The yeast plasma membrane ATPase, Pma1, is an electrogenic proton pump that regulates intracellular pH and generates the membrane potential across the plasma membrane. Pma1 is a member of the conserved P-type ATPase family. Because Pma1 is abundant and its activity at the cell surface is essential for cell viability (1), it has served as a model polytopic membrane protein to study protein sorting and quality control in the secretory pathway. Studies using misfolded Pma1 mutants have revealed disposal of conformationally defective proteins by post-endoplasmic reticulum (ER)2 mechanisms as well as the better characterized ER-associated degradation (ERAD) pathway (2). Misfolded Pma1–7 (P434A,G789S) is impaired in plasma membrane targeting and routed instead from Golgi to the endosomal/vacuolar system for degradation (3, 4).

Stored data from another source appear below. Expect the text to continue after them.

lemma invertible_frac_of_coprime_divisor:
  assumes a: "coprime_int R m a" "a \<noteq> {0}"
    and K: "module_over R K" "K \<subseteq> F" and m_eq: "ideal_prod a K = m"
  shows "invertible_frac F R a"
proof -
  have a_ideal: "ideal_of R a" "a \<subseteq> R"
    using a(1) coprime_int_ideal coprime_int_subset by blast+
  obtain x y where xy: "x \<in> a" "y \<in> m" "x + y = 1"
    using a(1) by (rule coprime_intE)
  define J where "J = isum R K"
  have J: "module_over R J" "J \<subseteq> F" "1 \<in> J" "K \<subseteq> J"
    unfolding J_def using module_over_isum[OF module_over_R K(1)] R_subset_F K(2) F_add
      isum_memI[OF R_one module_over_zero[OF K(1)]] isum_memI[OF R_zero]
    by (auto elim!: isum_memE)
  have "ideal_prod a J \<subseteq> R"
    using module_over_R
  proof (rule ideal_prod_subset_module)
    fix u j assume u: "u \<in> a" and "j \<in> J"
    then obtain r k where rk: "r \<in> R" "k \<in> K" "j = r + k"
      unfolding J_def by (auto elim: isum_memE)
    have "u * r \<in> R" "u * k \<in> R"
      using u rk a_ideal(2) R_mult ideal_prod_mem[OF u rk(2)] m_eq m_subset_R by blast+
    then show "u * j \<in> R"
      using rk(3) R_add by (simp add: distrib_left)
  qed
  moreover have "R \<subseteq> ideal_prod a J"
  proof
    fix r assume "r \<in> R"
    have "x * 1 + y \<in> ideal_prod a J"
      using ideal_prod_mem[OF xy(1) J(3)] xy(2) m_eq ideal_prod_mono[OF order_refl J(4)]
      by (blast intro: ideal_prod_add)
    then show "r \<in> ideal_prod a J"
      using xy(3) module_over_smult[OF module_over_ideal_prod[OF J(1)] \<open>r \<in> R\<close>] by force
  qed
  ultimately show ?thesis
    using invertible_fracI frac_ideal_of_ideal[OF a_ideal(1) a(2)] J(1,2) by blast
qed

lemma coprime_int_principal_iinv:
  assumes d: "invertible_frac F R d" "d \<subseteq> R" and \<alpha>: "\<alpha> \<in> d" "\<alpha> - 1 \<in> m"
  shows "coprime_int R m (ideal_prod (principal R \<alpha>) (iinv F R d))"
proof (rule coprime_intI)
  have "module_over R d"
    using d(1) frac_ideal_module unfolding invertible_frac_def by blast
  then have "principal R \<alpha> \<subseteq> d"
    using \<alpha>(1) by (auto elim!: principal_memE simp: mult.commute intro: module_over_smult)
  then have "ideal_prod (principal R \<alpha>) (iinv F R d) \<subseteq> R"
    using ideal_prod_mono[OF _ order_refl] invertible_frac_iinv(2)[OF d(1)] by blast
  then show "ideal_of R (ideal_prod (principal R \<alpha>) (iinv F R d))"
    unfolding ideal_of_iff using module_over_ideal_prod_left[OF module_over_principal] by blast
  have "1 \<in> iinv F R d"
    unfolding iinv_def using F_one d(2) by auto
  then show "\<alpha> \<in> ideal_prod (principal R \<alpha>) (iinv F R d)"
    using ideal_prod_mem[OF generator_in_principal] by fastforce
  show "1 - \<alpha> \<in> m"
    using m_diff[OF m_zero \<alpha>(2)] by simp
qed simp

lemma exists_nonzero_cong_one:
  assumes d: "coprime_int R m d" "d \<noteq> {0}"
  shows "\<exists>x\<in>d. x \<noteq> 0 \<and> x - 1 \<in> m"
proof -
  obtain x y where xy: "x \<in> d" "y \<in> m" "x + y = 1"
    using d(1) by (rule coprime_intE)
  show ?thesis
  proof (cases "x = 0")
    case False
    have "x - 1 = 0 - y"
      using xy(3) by (simp add: algebra_simps)
    then show ?thesis
      using False xy m_diff[OF m_zero] by auto
  next
    case True
    then have "1 \<in> m"
      using xy by simp
    obtain z where "z \<in> d" "z \<noteq> 0"
      using d(2) module_over_zero[OF coprime_int_module[OF d(1)]] by blast
    moreover have "z - 1 \<in> m"
      using m_diff[OF m_smult[OF _ \<open>1 \<in> m\<close>] \<open>1 \<in> m\<close>, of z] \<open>z \<in> d\<close>
        coprime_int_subset[OF d(1)] by auto
    ultimately show ?thesis
      by blast
  qed
qed

lemma principal_square_in_Pms:
  assumes "\<forall>\<rho>\<in>S. real_embedding F \<rho>" "x \<in> R" "x \<noteq> 0" "x * x - 1 \<in> m"
  shows "principal R (x * x) \<in> Pms F R m S"
  using assms R_mult R_subset_F cong1_of_diff_one_mem real_embedding_square_pos
  by (intro principal_in_PmsI) auto

end

section \<open>Extension and contraction along an inclusion of orders\<close>

locale nf_order_extension = A: nf_order F R + B: nf_order_modulus F R' m for F R R' m +
  assumes order_subset: "R \<subseteq> R'" and m_subset_R: "m \<subseteq> R"
begin

sublocale A: nf_order_modulus F R m
  using m_subset_R module_over_antimono[OF B.module_over_m order_subset]
  by unfold_locales (simp add: A.ideal_of_iff)

lemma extension_ideal_prod:
  "ideal_prod (ideal_prod X Y) R' = ideal_prod (ideal_prod X R') (ideal_prod Y R')"
proof -
  have "ideal_prod (ideal_prod X R') (ideal_prod Y R') = ideal_prod (ideal_prod X Y) (ideal_prod R' R')"
    by (simp add: ac_simps)
  then show ?thesis
    by (simp add: B.ideal_prod_R_R)
qed

lemma module_over_extension: "module_over R' (ideal_prod X R')"
  by (rule module_over_ideal_prod[OF B.module_over_R])

lemma subset_extension: "X \<subseteq> ideal_prod X R'"
  using ideal_prod_mem[OF _ B.R_one] by fastforce

lemma extension_principal: "ideal_prod (principal R g) R' = principal R' g"
proof
  show "ideal_prod (principal R g) R' \<subseteq> principal R' g"
    using B.module_over_principal
  proof (rule ideal_prod_subset_module)
    fix x y assume "x \<in> principal R g" "y \<in> R'"
    then show "x * y \<in> principal R' g"
      using order_subset B.R_mult B.principal_mem
      by (auto elim!: A.principal_memE simp: mult.assoc)
  qed
  show "principal R' g \<subseteq> ideal_prod (principal R g) R'"
    using ideal_prod_mem[OF A.generator_in_principal] by (auto elim!: B.principal_memE)
qed

lemma ideal_of_extension: "ideal_of R a \<Longrightarrow> ideal_of R' (ideal_prod a R')"
  using B.ideal_prod_subset_R order_subset module_over_extension
  unfolding A.ideal_of_iff B.ideal_of_iff by blast

lemma coprime_int_extension:
  assumes "coprime_int R m a"
  shows "coprime_int R' m (ideal_prod a R')"
proof -
  obtain x y where "x \<in> a" "y \<in> m" "x + y = 1"
    using assms by (rule A.coprime_intE)
  then show ?thesis
    using B.coprime_intI ideal_of_extension A.coprime_int_ideal[OF assms] subset_extension
    by blast
qed

lemma frac_ideal_extension:
  assumes X: "frac_ideal F R X"
  shows "frac_ideal F R' (ideal_prod X R')"
proof -
  obtain d where d: "d \<in> R" "d \<noteq> 0" "\<forall>x\<in>X. d * x \<in> R"
    using X unfolding A.frac_ideal_iff by blast
  obtain x where "x \<in> X" "x \<noteq> 0"
    using A.frac_ideal_nonzero[OF X] by blast
  then have "ideal_prod X R' \<noteq> {0}"
    using subset_extension[of X] by auto
  moreover have "ideal_prod X R' \<subseteq> F"
    using A.ideal_prod_subset_F A.frac_ideal_subset[OF X] B.R_subset_F by blast
  moreover have "ideal_prod X R' \<subseteq> {z. d * z \<in> R'}"
  proof (rule ideal_prod_subsetI)
    fix x y assume "x \<in> X" "y \<in> R'"
    then have "(d * x) * y \<in> R'"
      using d order_subset B.R_mult by blast
    then show "x * y \<in> {z. d * z \<in> R'}"
      by (simp add: ac_simps)
  qed (auto simp: B.R_zero B.R_add distrib_left)
  ultimately show ?thesis
    unfolding B.frac_ideal_iff using module_over_extension d order_subset by blast
qed
lemma prob_shift:
  assumes "S \<in> sets path_space"
  shows "prob (path_shift k -` S) = prob S"
proof -
  have "prob S = measure (distr L path_space (path_shift k)) S" using shift_invariant by simp
  also have "\<dots> = prob (path_shift k -` S)"
    using assms by (subst measure_distr) (auto simp: measurable_cong_sets[OF sets_L] space_L)
  finally show ?thesis by simp
qed

lemma cylinder_mixing:
  assumes "C \<in> cylinder_events"
  obtains k :: nat where "prob (C \<inter> path_shift (int k) -` C) = prob C ^ 2"
proof -
  obtain J where C: "C \<in> sets path_space" "finite J" "depends_on J C"
    using assms unfolding cylinder_events_def by blast
  define R where "R = (\<Sum>j\<in>J. nat \<bar>j\<bar>)"
  have bound: "\<bar>j\<bar> \<le> int R" if "j \<in> J" for j
  proof -
    have "nat \<bar>j\<bar> \<le> R" unfolding R_def using C(2) that by (intro member_le_sum) auto
    then show ?thesis by linarith
  qed
  have disj: "J \<inter> (\<lambda>j. j + int (2 * R + 1)) ` J = {}"
  proof (rule ccontr)
    assume "J \<inter> (\<lambda>j. j + int (2 * R + 1)) ` J \<noteq> {}"
    then obtain i j where "i \<in> J" "j \<in> J" "i = j + int (2 * R + 1)" by auto
    with bound[of i] bound[of j] show False by linarith
  qed
  have "prob (C \<inter> path_shift (int (2 * R + 1)) -` C) = prob C * prob (path_shift (int (2 * R + 1)) -` C)"
    using independent[OF C(1) path_shift_sets[OF C(1)] disj C(3) depends_on_shift[OF C(3)]] .
  then show ?thesis
    using that[of "2 * R + 1"] prob_shift[OF C(1)] by (simp add: power2_eq_square)
qed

By contrast, misfolded Pma1–10 (A165G,V197I) fails to remain stable at the cell surface and undergoes vacuolar degradation through endocytosis (5). Additional studies have shown that wild-type Pma1 is associated with sphingolipid- and cholesterol-enriched microdomains, and both plasma membrane targeting of Pma1 and its stability at the cell surface require sphingolipids (6, 7).

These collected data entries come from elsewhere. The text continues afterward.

(* For every integer $k\ge 2$ and every $n\ge 0$, the cube polynomial $C_{\Pi_{n,k}}(x)$ has degree $n$ and $$C_{\Pi_{n,k}}(x)=\sum_{i=0}^{\lfloor n/2\rfloor}\binom{n-i}{i}\bigl(k+(k-1)x\bigr)^{n-2i}(1+x)^{i}.$$
   Context: For an integer $k\ge 2$, a $k$-Pell string is a finite word over the alphabet $\{0,1,\ldots,k-1,kk\}$, i.e. a word over $\{0,1,\ldots,k\}$ in which every maximal run of the letter $k$ has even length. For $n\ge 0$, the $k$-Pell graph $\Pi_{n,k}$ has as vertices all $k$-Pell strings of length $n$, and two vertices are adjacent if one is obtained from the other either by replacing a single letter $i$ by $i+1$ (or vice versa) for some $i\in\{0,1,\ldots,k-2\}$, or by replacing one factor $(k-1)(k-1)$ by $kk$ (or vice versa), in such a way that the resulting string is again a $k$-Pell string. The cube polynomial of a graph $G$ is $C_G(x)=\sum_{i\ge 0}c_i(G)x^i$, where $c_i(G)$ is the number of induced subgraphs of $G$ isomorphic to the hypercube $Q_i$. *)

theory Defs
  imports Main "HOL-Computational_Algebra.Polynomial"
begin

text \<open>k-Pell strings: words over the alphabet {0,...,k-1, kk}, written as lists of naturals.\<close>
inductive pell_string :: "nat \<Rightarrow> nat list \<Rightarrow> bool" for k where
  pell_nil: "pell_string k []"
| pell_digit: "a < k \<Longrightarrow> pell_string k w \<Longrightarrow> pell_string k (a # w)"
| pell_kk: "pell_string k w \<Longrightarrow> pell_string k (k # k # w)"

definition pell_vertices :: "nat \<Rightarrow> nat \<Rightarrow> nat list set" where
  "pell_vertices n k = {w. length w = n \<and> pell_string k w}"

definition pell_move :: "nat \<Rightarrow> nat list \<Rightarrow> nat list \<Rightarrow> bool" where
  "pell_move k u v \<longleftrightarrow> length u = length v \<and>
     ((\<exists>j < length u. \<exists>i. i + 2 \<le> k \<and> u ! j = i \<and> v ! j = i + 1 \<and>
         (\<forall>l < length u. l \<noteq> j \<longrightarrow> u ! l = v ! l))
    \<or> (\<exists>j. j + 1 < length u \<and> u ! j = k - 1 \<and> u ! (j+1) = k - 1 \<and>
         v ! j = k \<and> v ! (j+1) = k \<and>
         (\<forall>l < length u. l \<noteq> j \<longrightarrow> l \<noteq> j + 1 \<longrightarrow> u ! l = v ! l)))"

definition pell_adj :: "nat \<Rightarrow> nat \<Rightarrow> nat list \<Rightarrow> nat list \<Rightarrow> bool" where
  "pell_adj n k u v \<longleftrightarrow> u \<in> pell_vertices n k \<and> v \<in> pell_vertices n k \<and>
     (pell_move k u v \<or> pell_move k v u)"

definition cube_vertices :: "nat \<Rightarrow> bool list set" where
  "cube_vertices i = {w. length w = i}"

definition cube_adj :: "bool list \<Rightarrow> bool list \<Rightarrow> bool" where
  "cube_adj u v \<longleftrightarrow> length u = length v \<and> card {j. j < length u \<and> u ! j \<noteq> v ! j} = 1"

definition num_induced_cubes :: "'a set \<Rightarrow> ('a \<Rightarrow> 'a \<Rightarrow> bool) \<Rightarrow> nat \<Rightarrow> nat" where
  "num_induced_cubes V E i = card {S. S \<subseteq> V \<and>
     (\<exists>f. bij_betw f (cube_vertices i) S \<and>
        (\<forall>u\<in>cube_vertices i. \<forall>v\<in>cube_vertices i. cube_adj u v \<longleftrightarrow> E (f u) (f v)))}"

text \<open>Cube polynomial of a finite graph; c_i = 0 whenever i > card V, so the sum is complete.\<close>
definition cube_poly :: "'a set \<Rightarrow> ('a \<Rightarrow> 'a \<Rightarrow> bool) \<Rightarrow> int poly" where
  "cube_poly V E = (\<Sum>i\<le>card V. monom (int (num_induced_cubes V E i)) i)"

end

theory Submission
  imports Defs
begin

(*
  Replacing every block kk of a k-Pell string by k(k-1) identifies Pi_{n,k} with the subgraph of
  the grid N^n induced by the coded strings: a letter step i <-> i+1 stays a unit step, and
  (k-1)(k-1) <-> kk becomes the unit step (k-1)(k-1) <-> k(k-1) in the first coordinate.
  The induced hypercubes of a grid are exactly the boxes [l_1,u_1] x ... x [l_n,u_n] with all
  u_p - l_p in {0,1}, of dimension the number of nondegenerate factors. So c_i(Pi_{n,k}) counts the
  i-dimensional such boxes all of whose points are coded Pell strings. Such a box starts either
  with a digit interval ([a,a] with a < k, or [a,a+1] with a+1 < k) followed by a box of length
  n-1, or with [k-1,k] or [k,k] followed by the fixed coordinate k-1 and a box of length n-2.
  Hence C_n = (k + (k-1)x) C_{n-1} + (1+x) C_{n-2} with C_0 = 1 and C_1 = k + (k-1)x, which is
  solved by the stated Fibonacci-type sum; as the coefficient k + (k-1)x has degree 1 and 1+x has
  degree at most 1, C_n has degree n.
*)

section \<open>Induced cubes and graph isomorphisms\<close>

definition cube_embedding :: "nat \<Rightarrow> (bool list \<Rightarrow> 'a) \<Rightarrow> 'a set \<Rightarrow> ('a \<Rightarrow> 'a \<Rightarrow> bool) \<Rightarrow> bool" where
  "cube_embedding d h S E \<longleftrightarrow> bij_betw h (cube_vertices d) S \<and>
     (\<forall>x\<in>cube_vertices d. \<forall>y\<in>cube_vertices d. cube_adj x y \<longleftrightarrow> E (h x) (h y))"

lemma num_induced_cubes_altdef:
  "num_induced_cubes V E d = card {S. S \<subseteq> V \<and> (\<exists>h. cube_embedding d h S E)}"
  by (simp add: num_induced_cubes_def cube_embedding_def)

lemma cube_embedding_transfer:
  assumes "bij_betw \<phi> V W" "\<And>u v. u \<in> V \<Longrightarrow> v \<in> V \<Longrightarrow> E u v \<longleftrightarrow> E' (\<phi> u) (\<phi> v)"
    and "S \<subseteq> V" "cube_embedding d h S E"
  shows "cube_embedding d (\<phi> \<circ> h) (\<phi> ` S) E'"
proof -
  have "bij_betw \<phi> S (\<phi> ` S)"
    using assms(1,3) bij_betw_subset by blast
  then have "bij_betw (\<phi> \<circ> h) (cube_vertices d) (\<phi> ` S)"
    using assms(4) bij_betw_trans by (auto simp: cube_embedding_def)
  moreover have "h x \<in> V" if "x \<in> cube_vertices d" for x
    using assms(3,4) that by (auto simp: cube_embedding_def bij_betw_def)
  ultimately show ?thesis
    using assms(2,4) by (simp add: cube_embedding_def)
qed

lemma num_induced_cubes_iso:
  assumes \<phi>: "bij_betw \<phi> V W" and E: "\<And>u v. u \<in> V \<Longrightarrow> v \<in> V \<Longrightarrow> E u v \<longleftrightarrow> E' (\<phi> u) (\<phi> v)"
  shows "num_induced_cubes V E d = num_induced_cubes W E' d"
proof -
  let ?\<psi> = "inv_into V \<phi>"
  have \<psi>: "bij_betw ?\<psi> W V" using \<phi> by (rule bij_betw_inv_into)
  have E': "E' u v \<longleftrightarrow> E (?\<psi> u) (?\<psi> v)" if "u \<in> W" "v \<in> W" for u v
    using E[of "?\<psi> u" "?\<psi> v"] \<psi> \<phi> that by (auto simp: bij_betw_def f_inv_into_f)
  let ?C = "{S. S \<subseteq> V \<and> (\<exists>h. cube_embedding d h S E)}"
  let ?C' = "{S. S \<subseteq> W \<and> (\<exists>h. cube_embedding d h S E')}"
  have "inj_on (image \<phi>) ?C"
    using inj_on_image_Pow[of \<phi> V] \<phi> by (auto simp: bij_betw_def inj_on_def)
  moreover have "image \<phi> ` ?C = ?C'"
  proof (intro equalityI subsetI)
    fix S' assume "S' \<in> image \<phi> ` ?C"
    then show "S' \<in> ?C'"
      using cube_embedding_transfer[of \<phi> V W E E'] \<phi> E by (auto simp: bij_betw_def)
  next
    fix S' assume "S' \<in> ?C'"
    then obtain h where S': "S' \<subseteq> W" "cube_embedding d h S' E'" by blast
    then have "cube_embedding d (?\<psi> \<circ> h) (?\<psi> ` S') E"
      by (intro cube_embedding_transfer[of ?\<psi> W V E' E, OF \<psi> E'])
    moreover have "?\<psi> ` S' \<subseteq> V" using S'(1) \<psi> by (auto simp: bij_betw_def)
    ultimately have "?\<psi> ` S' \<in> ?C" by blast
    moreover have "\<phi> ` ?\<psi> ` S' = S'"
      using S'(1) by (rule image_inv_into_cancel[OF bij_betw_imp_surj_on[OF \<phi>]])
    ultimately show "S' \<in> image \<phi> ` ?C" by (intro rev_image_eqI[of "?\<psi> ` S'"]) simp_all
  qed
  ultimately have "bij_betw (image \<phi>) ?C ?C'" by (simp add: bij_betw_def)
  then show ?thesis
    unfolding num_induced_cubes_altdef by (simp add: bij_betw_same_card)
qed

lemma cube_vertices_Suc: "cube_vertices (Suc d) = (\<Union>a. Cons a ` cube_vertices d)"
  by (auto simp: cube_vertices_def length_Suc_conv)

lemma cube_adj_Cons: "cube_adj (a # x) (c # y) \<longleftrightarrow> (a = c \<and> cube_adj x y) \<or> (a \<noteq> c \<and> x = y)"
proof -
  define D where "D = {j. j < length x \<and> x ! j \<noteq> y ! j}"
  have "{j. j < length (a # x) \<and> (a # x) ! j \<noteq> (c # y) ! j} = (if a \<noteq> c then {0} else {}) \<union> Suc ` D"
  proof (rule set_eqI)
    fix j
    show "j \<in> {j. j < length (a # x) \<and> (a # x) ! j \<noteq> (c # y) ! j} \<longleftrightarrow> j \<in> (if a \<noteq> c then {0} else {}) \<union> Suc ` D"
      by (cases j) (auto simp: D_def)
  qed
  then have "card {j. j < length (a # x) \<and> (a # x) ! j \<noteq> (c # y) ! j} = (if a \<noteq> c then 1 else 0) + card D"
    by (simp add: card_image D_def)
  moreover have "x = y \<longleftrightarrow> card D = 0" if "length x = length y"
    using that by (auto simp: D_def list_eq_iff_nth_eq)
  ultimately show ?thesis
    unfolding cube_adj_def D_def by auto
qed

lemma cube_adj_flip: "i < length x \<Longrightarrow> cube_adj x (x[i := \<not> x ! i])"
proof -
  assume "i < length x"
  then have "{j. j < length x \<and> x ! j \<noteq> x[i := \<not> x ! i] ! j} = {i}"
    by (auto simp: nth_list_update)
  then show ?thesis by (simp add: cube_adj_def)
qed

section \<open>The grid graph and its boxes\<close>

fun grid_adj :: "nat list \<Rightarrow> nat list \<Rightarrow> bool" where
  "grid_adj (a # x) (b # y) \<longleftrightarrow> (a = b \<and> grid_adj x y) \<or> ((a = Suc b \<or> b = Suc a) \<and> x = y)"
| "grid_adj _ _ \<longleftrightarrow> False"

The vacuolar proton-translocating ATPase (V-ATPase) is a second proton pump, mechanistically distinct from Pma1, that plays a major role in maintaining pH homeostasis (8, 9). The importance of V-ATPase for acidification of the vacuole/lysosomes, Golgi, and endosomes of eukaryotic cells is well established (10, 11). In contrast with Pma1, which is thought to function as a homohexamer (12), V-ATPase is composed of two multisubunit subcomplexes, the peripheral catalytic V1 subcomplex and the integral membrane proton-translocating V0 subcomplex (11). V-ATPase biogenesis is complex and incompletely understood. Assembly of V1 and V0 sector subunits require a protein complex called RAVE (regulator of the (H+)-ATPase of vacuolar and endosomal membranes), which also regulates V-ATPase activity in response to low extracellular glucose by reversible disassembly of V1 and V0 sectors (13).

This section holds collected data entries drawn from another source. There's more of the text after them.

lemma linear_phase:
  assumes "K0 \<le> int k"
  shows "real n * (real k - real_of_int K0 + real n - 1) / (2 * R) \<le> A k"
proof -
  have "nat K0 \<le> k"
    using assms by simp
  then show ?thesis
  proof (induction k rule: dec_induct)
    case base
    have "A (nat K0) = (real n - 1) / (2 * R) * q ^ nat K0"
      using geometric_phase[of "nat K0"] K0_ge_1 K0_le_k0 by simp
    moreover have "real n \<le> q ^ nat K0"
      using K0_le_iff[of "nat K0"] K0_ge_1 by simp
    then have "(real n - 1) / (2 * R) * real n \<le> (real n - 1) / (2 * R) * q ^ nat K0"
      using n_ge_2 R_pos by (intro mult_left_mono) auto
    moreover have "real (nat K0) = real_of_int K0"
      using K0_ge_1 by simp
    ultimately show ?case
      by (simp add: mult.commute)
  next
    case (step k)
    then have "real n / (2 * R) \<le> a (Suc k)"
      by (intro seq_a_ge_after_K0) simp
    moreover have "real n * (real (Suc k) - real_of_int K0 + real n - 1) / (2 * R)
        = real n * (real k - real_of_int K0 + real n - 1) / (2 * R) + real n / (2 * R)"
      using R_pos by (simp add: field_simps)
    ultimately show ?case
      using step.IH by (simp add: seq_A_Suc)
  qed
qed

lemma quadratic_phase_start:
  assumes "0 < \<sigma>"
  shows "c * (real n - 1)\<^sup>2 \<le> A (nat k0) \<and> 2 * c * (real n - 1) \<le> a (nat k0)"
proof -
  define K where "K = nat k0"
  define P where "P = \<sigma> * (real n - 1)\<^sup>2 / (4 * R\<^sup>2)"
  have "2 \<le> K"
    using k0_ge_2[OF assms] by (simp add: K_def)
  then have A_K: "A K = (real n - 1) / (2 * R) * q ^ K" and a_K: "q * a K = q ^ K / (2 * R)"
    using geometric_phase[of K] k0_ge_1 by (simp_all add: K_def power_eq_if)
  have \<beta>_le: "real n * (\<sigma> * (real n - 1) / (2 * R)) \<le> q ^ K"
    using B_ge_\<sigma> k0_le_iff[of K] k0_ge_1 by (simp add: K_def)
  have "(real n - 1) / (2 * R) * (real n * (\<sigma> * (real n - 1) / (2 * R))) \<le> A K"
    unfolding A_K using \<beta>_le n_ge_2 R_pos by (intro mult_left_mono) auto
  moreover have "(real n - 1) / (2 * R) * (real n * (\<sigma> * (real n - 1) / (2 * R))) = P * real n"
    using R_pos by (simp add: P_def field_simps power2_eq_square)
  moreover have "(real n - 1) / real n * (real n * (\<sigma> * (real n - 1) / (2 * R)) / (2 * R))
      \<le> (real n - 1) / real n * (q * a K)"
    unfolding a_K using \<beta>_le n_ge_2 R_pos by (intro mult_left_mono divide_right_mono) auto
  moreover have "(real n - 1) / real n * (real n * (\<sigma> * (real n - 1) / (2 * R)) / (2 * R)) = P"
    using n_ge_2 R_pos by (simp add: P_def field_simps power2_eq_square)
  moreover have "(real n - 1) / real n * (q * a K) = a K"
    using n_ge_2 by simp
  ultimately have P_le: "P * real n \<le> A K" "P \<le> a K"
    by simp_all
  have "c * (real n - 1)\<^sup>2 = P * ((real n - 1)\<^sup>2 / (4 * real n))"
    and "2 * c * (real n - 1) = P * ((real n - 1) / (2 * real n))"
    using n_ge_2 R_pos by (simp_all add: P_def field_simps power2_eq_square)
  moreover have "P * ((real n - 1)\<^sup>2 / (4 * real n)) \<le> P * real n"
    and "P * ((real n - 1) / (2 * real n)) \<le> P * 1"
    using n_ge_2 \<sigma>_nonneg
    by (intro mult_left_mono; simp add: P_def divide_le_eq power2_eq_square mult_mono)+
  ultimately show ?thesis
    using P_le unfolding K_def by simp
qed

A recent structure-function study noted significant vacuolar alkalization and cytosolic acidification in cells lacking the V0 subunits Vma2 or Vma3 (14). Surprisingly, Pma1 was also mislocalized to the vacuole in vma2Δ and vma3Δ cells (14). Because Pma1 and V-ATPase work together to maintain cellular pH homeostasis, we carried out studies on vacuolar sorting of Pma1 in V-ATPase-deficient cells. We find missorting is not specific to Pma1; rather, there is cargo-specific missorting from the Golgi that is induced by aberrant pH in cells defective in V-ATPase activity.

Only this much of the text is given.